Instructions to follow
Copy nothing from the entries below except the lines from the one containing "then obtain \<alpha>" through the one containing "(* Let $\lambda=(\lambda_1,\dots,\lambda_l)$", and copy those exactly.

Task input

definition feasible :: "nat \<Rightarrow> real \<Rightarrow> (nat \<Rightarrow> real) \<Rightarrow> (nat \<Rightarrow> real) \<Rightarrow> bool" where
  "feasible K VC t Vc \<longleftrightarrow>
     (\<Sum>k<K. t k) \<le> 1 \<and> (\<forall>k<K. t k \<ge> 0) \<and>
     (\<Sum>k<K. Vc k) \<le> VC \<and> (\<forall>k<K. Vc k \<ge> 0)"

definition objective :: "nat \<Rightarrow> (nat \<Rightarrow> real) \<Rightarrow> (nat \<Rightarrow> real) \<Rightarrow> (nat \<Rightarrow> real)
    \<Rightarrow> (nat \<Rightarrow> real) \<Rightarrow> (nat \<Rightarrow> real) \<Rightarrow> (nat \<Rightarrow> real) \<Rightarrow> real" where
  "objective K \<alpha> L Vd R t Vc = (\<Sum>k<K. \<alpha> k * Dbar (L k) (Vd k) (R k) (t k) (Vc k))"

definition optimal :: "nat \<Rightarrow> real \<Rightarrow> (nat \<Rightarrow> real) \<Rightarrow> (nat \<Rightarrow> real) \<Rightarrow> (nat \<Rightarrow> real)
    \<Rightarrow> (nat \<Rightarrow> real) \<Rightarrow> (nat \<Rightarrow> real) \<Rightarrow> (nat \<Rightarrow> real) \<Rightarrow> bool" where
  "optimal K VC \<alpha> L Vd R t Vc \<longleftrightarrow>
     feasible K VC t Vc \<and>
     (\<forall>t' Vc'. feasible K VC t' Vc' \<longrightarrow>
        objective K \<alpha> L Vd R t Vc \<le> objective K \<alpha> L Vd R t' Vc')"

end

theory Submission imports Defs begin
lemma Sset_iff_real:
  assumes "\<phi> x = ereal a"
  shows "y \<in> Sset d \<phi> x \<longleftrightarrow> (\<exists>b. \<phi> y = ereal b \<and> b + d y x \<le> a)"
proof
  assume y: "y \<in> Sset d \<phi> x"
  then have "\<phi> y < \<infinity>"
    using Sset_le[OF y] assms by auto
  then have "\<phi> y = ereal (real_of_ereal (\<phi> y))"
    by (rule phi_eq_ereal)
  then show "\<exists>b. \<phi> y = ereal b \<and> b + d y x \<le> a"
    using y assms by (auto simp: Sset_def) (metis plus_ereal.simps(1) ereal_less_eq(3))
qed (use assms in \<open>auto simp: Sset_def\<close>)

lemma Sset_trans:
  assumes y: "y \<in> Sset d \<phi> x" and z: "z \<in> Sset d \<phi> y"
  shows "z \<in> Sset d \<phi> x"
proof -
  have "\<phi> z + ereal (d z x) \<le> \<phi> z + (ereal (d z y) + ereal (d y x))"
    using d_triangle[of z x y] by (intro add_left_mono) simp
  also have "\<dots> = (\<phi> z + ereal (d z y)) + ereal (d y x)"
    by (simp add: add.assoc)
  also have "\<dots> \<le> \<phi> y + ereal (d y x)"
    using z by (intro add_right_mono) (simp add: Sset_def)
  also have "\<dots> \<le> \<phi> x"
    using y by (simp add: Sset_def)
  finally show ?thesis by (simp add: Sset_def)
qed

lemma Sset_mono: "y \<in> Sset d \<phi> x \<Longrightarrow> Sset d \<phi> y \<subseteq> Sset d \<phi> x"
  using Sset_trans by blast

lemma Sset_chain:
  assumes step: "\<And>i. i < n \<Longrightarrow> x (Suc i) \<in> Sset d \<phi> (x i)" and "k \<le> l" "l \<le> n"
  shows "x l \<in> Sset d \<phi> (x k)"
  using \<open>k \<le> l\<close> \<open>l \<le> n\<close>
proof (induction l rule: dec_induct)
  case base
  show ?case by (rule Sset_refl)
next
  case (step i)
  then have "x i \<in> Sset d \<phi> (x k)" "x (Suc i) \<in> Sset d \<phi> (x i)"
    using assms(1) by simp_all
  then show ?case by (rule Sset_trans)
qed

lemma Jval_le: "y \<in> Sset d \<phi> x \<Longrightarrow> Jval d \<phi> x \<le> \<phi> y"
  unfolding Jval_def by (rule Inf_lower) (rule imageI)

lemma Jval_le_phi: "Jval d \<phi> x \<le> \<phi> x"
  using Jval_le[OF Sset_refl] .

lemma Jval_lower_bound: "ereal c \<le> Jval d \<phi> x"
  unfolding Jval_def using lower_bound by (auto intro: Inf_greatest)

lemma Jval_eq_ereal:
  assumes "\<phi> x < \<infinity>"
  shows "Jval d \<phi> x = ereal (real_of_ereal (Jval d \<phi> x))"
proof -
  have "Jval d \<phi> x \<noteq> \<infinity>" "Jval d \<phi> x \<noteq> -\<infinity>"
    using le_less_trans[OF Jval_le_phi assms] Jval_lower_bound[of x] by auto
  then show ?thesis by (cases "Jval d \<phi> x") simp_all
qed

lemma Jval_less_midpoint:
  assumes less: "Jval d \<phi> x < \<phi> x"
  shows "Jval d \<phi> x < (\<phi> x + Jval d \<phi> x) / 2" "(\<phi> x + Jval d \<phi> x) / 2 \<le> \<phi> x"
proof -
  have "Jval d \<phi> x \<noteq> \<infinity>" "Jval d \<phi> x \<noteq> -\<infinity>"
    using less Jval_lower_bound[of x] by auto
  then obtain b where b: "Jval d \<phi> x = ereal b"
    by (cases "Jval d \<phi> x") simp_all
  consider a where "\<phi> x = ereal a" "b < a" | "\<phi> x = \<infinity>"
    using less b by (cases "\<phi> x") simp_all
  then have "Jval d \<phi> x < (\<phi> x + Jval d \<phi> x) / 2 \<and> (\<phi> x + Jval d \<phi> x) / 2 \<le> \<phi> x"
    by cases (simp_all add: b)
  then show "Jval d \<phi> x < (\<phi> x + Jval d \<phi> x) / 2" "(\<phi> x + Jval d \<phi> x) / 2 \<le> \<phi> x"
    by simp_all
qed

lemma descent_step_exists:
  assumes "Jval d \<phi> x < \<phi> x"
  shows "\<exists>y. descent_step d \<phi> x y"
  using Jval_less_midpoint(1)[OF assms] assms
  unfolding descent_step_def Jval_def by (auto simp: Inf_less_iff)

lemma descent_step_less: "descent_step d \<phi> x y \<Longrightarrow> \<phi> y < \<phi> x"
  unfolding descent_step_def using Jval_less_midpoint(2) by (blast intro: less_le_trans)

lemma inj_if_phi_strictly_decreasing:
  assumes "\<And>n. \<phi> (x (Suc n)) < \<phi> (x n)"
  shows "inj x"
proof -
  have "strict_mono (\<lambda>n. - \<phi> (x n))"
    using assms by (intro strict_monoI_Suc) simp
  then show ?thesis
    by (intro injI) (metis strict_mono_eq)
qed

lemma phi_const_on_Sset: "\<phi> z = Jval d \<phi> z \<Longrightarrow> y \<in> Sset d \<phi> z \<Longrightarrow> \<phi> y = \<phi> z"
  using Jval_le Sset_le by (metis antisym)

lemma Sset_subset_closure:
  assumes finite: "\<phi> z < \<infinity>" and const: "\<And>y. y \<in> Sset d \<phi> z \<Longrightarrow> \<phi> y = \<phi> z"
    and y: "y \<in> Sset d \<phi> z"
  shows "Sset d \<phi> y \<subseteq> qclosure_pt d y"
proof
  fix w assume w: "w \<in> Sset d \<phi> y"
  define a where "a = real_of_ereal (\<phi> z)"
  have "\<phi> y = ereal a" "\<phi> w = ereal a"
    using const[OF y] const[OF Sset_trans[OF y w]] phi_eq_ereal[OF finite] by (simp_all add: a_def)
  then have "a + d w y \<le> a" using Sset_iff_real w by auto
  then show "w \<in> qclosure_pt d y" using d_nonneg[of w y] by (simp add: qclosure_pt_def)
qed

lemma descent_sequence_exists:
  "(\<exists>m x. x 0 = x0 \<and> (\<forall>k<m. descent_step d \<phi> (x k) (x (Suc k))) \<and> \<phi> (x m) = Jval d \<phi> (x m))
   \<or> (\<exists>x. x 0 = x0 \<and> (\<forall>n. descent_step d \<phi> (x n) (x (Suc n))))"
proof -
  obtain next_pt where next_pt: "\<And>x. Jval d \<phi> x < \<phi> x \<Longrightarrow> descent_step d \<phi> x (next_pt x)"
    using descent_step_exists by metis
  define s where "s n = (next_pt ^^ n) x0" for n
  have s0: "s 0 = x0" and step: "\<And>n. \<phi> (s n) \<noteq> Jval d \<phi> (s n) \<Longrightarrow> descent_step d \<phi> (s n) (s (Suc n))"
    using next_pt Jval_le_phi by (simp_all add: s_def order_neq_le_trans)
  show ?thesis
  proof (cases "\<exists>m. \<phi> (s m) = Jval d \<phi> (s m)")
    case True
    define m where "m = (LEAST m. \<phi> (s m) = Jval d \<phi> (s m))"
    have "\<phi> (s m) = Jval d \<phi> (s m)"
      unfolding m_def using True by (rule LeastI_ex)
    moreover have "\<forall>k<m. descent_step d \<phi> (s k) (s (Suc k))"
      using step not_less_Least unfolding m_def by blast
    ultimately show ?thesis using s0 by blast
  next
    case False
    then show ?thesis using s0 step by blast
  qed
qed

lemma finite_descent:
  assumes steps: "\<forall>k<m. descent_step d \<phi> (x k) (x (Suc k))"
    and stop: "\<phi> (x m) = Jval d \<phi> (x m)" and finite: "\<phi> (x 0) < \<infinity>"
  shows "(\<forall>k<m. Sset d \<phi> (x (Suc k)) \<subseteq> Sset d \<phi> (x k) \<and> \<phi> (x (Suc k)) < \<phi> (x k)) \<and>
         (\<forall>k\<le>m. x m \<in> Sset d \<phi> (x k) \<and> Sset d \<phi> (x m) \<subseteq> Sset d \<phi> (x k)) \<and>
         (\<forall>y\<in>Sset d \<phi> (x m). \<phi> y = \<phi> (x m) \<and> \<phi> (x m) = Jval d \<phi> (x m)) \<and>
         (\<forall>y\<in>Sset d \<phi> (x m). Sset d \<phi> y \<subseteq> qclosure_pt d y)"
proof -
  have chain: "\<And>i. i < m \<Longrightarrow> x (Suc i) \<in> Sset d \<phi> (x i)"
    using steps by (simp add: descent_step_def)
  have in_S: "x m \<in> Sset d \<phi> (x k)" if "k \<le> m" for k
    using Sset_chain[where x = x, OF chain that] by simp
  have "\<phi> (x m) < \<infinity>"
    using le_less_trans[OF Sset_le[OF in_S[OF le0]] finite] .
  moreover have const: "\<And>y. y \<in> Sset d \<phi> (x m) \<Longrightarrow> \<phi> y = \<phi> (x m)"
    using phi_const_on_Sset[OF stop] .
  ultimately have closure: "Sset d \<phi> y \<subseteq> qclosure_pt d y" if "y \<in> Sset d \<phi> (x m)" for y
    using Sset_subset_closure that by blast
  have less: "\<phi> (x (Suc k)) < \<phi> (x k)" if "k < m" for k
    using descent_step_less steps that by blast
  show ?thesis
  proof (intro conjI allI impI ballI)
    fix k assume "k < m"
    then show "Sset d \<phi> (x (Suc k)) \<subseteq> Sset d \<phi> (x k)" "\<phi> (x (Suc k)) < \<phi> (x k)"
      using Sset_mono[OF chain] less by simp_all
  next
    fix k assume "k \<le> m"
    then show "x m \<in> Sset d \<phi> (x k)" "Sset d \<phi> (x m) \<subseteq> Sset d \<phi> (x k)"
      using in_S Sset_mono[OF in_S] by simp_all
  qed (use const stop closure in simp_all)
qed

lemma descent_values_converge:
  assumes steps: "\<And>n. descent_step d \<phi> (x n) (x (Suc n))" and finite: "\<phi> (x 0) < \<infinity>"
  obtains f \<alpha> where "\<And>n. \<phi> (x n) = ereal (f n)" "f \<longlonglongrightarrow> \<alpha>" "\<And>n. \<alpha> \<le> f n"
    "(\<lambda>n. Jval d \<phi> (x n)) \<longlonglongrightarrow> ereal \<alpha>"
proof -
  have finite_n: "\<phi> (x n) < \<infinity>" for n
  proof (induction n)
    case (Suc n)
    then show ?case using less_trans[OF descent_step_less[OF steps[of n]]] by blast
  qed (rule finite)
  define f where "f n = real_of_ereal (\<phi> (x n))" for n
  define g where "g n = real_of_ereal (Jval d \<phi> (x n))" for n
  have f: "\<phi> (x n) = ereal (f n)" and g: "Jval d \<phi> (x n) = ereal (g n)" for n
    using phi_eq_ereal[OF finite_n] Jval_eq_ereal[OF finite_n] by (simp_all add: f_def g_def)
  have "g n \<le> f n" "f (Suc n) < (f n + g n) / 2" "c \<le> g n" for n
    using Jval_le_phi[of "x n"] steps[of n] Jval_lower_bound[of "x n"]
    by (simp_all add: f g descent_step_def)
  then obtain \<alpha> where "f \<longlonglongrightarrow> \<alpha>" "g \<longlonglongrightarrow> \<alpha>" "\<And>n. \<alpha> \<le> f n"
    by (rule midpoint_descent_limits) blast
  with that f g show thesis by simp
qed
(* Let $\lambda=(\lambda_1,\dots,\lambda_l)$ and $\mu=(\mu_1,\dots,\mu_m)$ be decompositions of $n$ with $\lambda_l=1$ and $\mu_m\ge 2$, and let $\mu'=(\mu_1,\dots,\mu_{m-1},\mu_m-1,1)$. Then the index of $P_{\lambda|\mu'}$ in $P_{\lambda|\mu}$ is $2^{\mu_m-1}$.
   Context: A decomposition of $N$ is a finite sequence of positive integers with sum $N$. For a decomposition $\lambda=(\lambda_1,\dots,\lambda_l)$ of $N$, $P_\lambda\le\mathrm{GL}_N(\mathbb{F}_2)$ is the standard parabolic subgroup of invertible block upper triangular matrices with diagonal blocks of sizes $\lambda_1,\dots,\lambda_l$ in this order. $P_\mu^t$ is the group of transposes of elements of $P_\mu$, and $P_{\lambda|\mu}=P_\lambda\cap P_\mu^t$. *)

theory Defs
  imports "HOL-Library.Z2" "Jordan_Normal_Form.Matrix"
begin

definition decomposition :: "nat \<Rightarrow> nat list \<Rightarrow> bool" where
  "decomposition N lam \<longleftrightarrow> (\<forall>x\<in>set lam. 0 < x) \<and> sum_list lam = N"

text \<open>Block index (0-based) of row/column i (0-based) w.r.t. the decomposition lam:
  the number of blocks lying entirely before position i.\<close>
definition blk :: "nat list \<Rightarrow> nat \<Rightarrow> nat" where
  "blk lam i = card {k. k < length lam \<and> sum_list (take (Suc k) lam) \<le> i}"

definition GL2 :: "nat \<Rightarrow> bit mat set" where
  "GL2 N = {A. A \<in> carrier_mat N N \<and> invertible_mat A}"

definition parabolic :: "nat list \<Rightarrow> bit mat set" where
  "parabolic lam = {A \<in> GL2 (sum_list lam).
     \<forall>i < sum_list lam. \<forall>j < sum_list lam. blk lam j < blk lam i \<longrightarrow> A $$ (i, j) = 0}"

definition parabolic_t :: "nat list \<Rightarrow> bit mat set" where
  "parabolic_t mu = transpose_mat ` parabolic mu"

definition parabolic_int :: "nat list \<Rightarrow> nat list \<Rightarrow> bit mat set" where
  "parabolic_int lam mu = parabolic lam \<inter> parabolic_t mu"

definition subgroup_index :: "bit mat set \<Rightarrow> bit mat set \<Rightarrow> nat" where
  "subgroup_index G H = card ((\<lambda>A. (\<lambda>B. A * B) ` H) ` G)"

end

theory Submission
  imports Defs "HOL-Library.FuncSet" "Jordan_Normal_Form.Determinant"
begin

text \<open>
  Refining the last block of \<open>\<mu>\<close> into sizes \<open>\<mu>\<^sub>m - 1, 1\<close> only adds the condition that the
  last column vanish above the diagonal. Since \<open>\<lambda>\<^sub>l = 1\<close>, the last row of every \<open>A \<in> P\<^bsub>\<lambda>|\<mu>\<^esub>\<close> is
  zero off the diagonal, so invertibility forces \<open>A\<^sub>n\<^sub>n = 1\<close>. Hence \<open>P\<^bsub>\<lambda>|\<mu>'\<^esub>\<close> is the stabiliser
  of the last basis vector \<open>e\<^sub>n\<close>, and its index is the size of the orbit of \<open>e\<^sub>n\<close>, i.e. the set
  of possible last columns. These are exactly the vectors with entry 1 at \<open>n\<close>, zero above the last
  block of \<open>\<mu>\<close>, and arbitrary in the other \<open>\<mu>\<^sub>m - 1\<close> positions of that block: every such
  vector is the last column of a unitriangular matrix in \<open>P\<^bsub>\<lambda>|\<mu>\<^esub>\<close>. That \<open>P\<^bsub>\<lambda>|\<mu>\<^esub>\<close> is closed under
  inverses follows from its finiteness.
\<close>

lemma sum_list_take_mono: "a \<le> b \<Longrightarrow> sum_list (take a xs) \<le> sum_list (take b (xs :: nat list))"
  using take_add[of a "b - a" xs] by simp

Exercise output
  then obtain \<alpha> where "f \<longlonglongrightarrow> \<alpha>" "g \<longlonglongrightarrow> \<alpha>" "\<And>n. \<alpha> \<le> f n"
    by (rule midpoint_descent_limits) blast
  with that f g show thesis by simp
qed
(* Let $\lambda=(\lambda_1,\dots,\lambda_l)$ and $\mu=(\mu_1,\dots,\mu_m)$ be decompositions of $n$ with $\lambda_l=1$ and $\mu_m\ge 2$, and let $\mu'=(\mu_1,\dots,\mu_{m-1},\mu_m-1,1)$. Then the index of $P_{\lambda|\mu'}$ in $P_{\lambda|\mu}$ is $2^{\mu_m-1}$.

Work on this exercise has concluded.